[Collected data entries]
- - - - - - -
(* Let $\Gamma$ be a finite simplicial graph with vertex set $V=\{a_0,\ldots,a_{n-1}\}$. Every $w\in A(\Gamma)$ admits a unique canonical expression.
   Context: $A(\Gamma)=\langle V\mid[a,b]=1\text{ for }\{a,b\}\in E(\Gamma)\rangle$. The word length $\|w\|$ is the least $\ell\ge0$ with $w=s_1^{e_1}\cdots s_\ell^{e_\ell}$, $s_i\in V$, $e_i\in\{\pm1\}$. For a word $w=s_1^{e_1}\cdots s_\ell^{e_\ell}$ with $\ell=\|w\|$, $s_i\in V$, $e_i\in\{\pm1\}$, its right-counting vector $(f_1,\ldots,f_\ell)$ is given by $f_i=\min\|y\|$, the minimum over $y\in A(\Gamma)$ such that $s_i^{e_i}s_{i+1}^{e_{i+1}}\cdots s_\ell^{e_\ell}=x\,s_i^{e_i}\,y$ for some $x\in\langle \mathrm{lk}_\Gamma(s_i)\rangle$, where $\mathrm{lk}_\Gamma(s)$ is the set of vertices adjacent to $s$. Such a word is a canonical expression for $w$ if (A) $f_1\ge f_2\ge\cdots\ge f_\ell$, and (B) whenever $f_i=f_j$ with $i<j$ and $s_i=a_p$, $s_j=a_q$, we have $p<q$ and $[a_p,a_q]=1$. Uniqueness is as a word (sequence of letters $s_i^{e_i}$). *)

theory Defs
  imports Main
begin

text \<open>Right-angled Artin group A(Gamma) on the vertex set V = {0..<n} (vertex i stands for a_i),
  with edge relation E.  A letter is a pair (s, e) with s a vertex and e = True for exponent +1,
  e = False for exponent -1.  Group elements are represented by words modulo the congruence
  generated by free cancellation and the defining commutation relations.\<close>

type_synonym letter = "nat \<times> bool"

definition simplicial_graph :: "nat \<Rightarrow> (nat \<Rightarrow> nat \<Rightarrow> bool) \<Rightarrow> bool" where
  "simplicial_graph n E \<longleftrightarrow>
     (\<forall>a b. E a b \<longrightarrow> a < n \<and> b < n) \<and> (\<forall>a b. E a b \<longrightarrow> E b a) \<and> (\<forall>a. \<not> E a a)"

definition inv_letter :: "letter \<Rightarrow> letter" where
  "inv_letter x = (fst x, \<not> snd x)"

definition word_over :: "nat set \<Rightarrow> letter list \<Rightarrow> bool" where
  "word_over S w \<longleftrightarrow> (\<forall>x \<in> set w. fst x \<in> S)"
- - - - - - -
• Task description: Copy out each line of the data that holds the string "definition".

• Answer box:
definition simplicial_graph :: "nat \<Rightarrow> (nat \<Rightarrow> nat \<Rightarrow> bool) \<Rightarrow> bool" where
definition inv_letter :: "letter \<Rightarrow> letter" where
definition word_over :: "nat set \<Rightarrow> letter list \<Rightarrow> bool" where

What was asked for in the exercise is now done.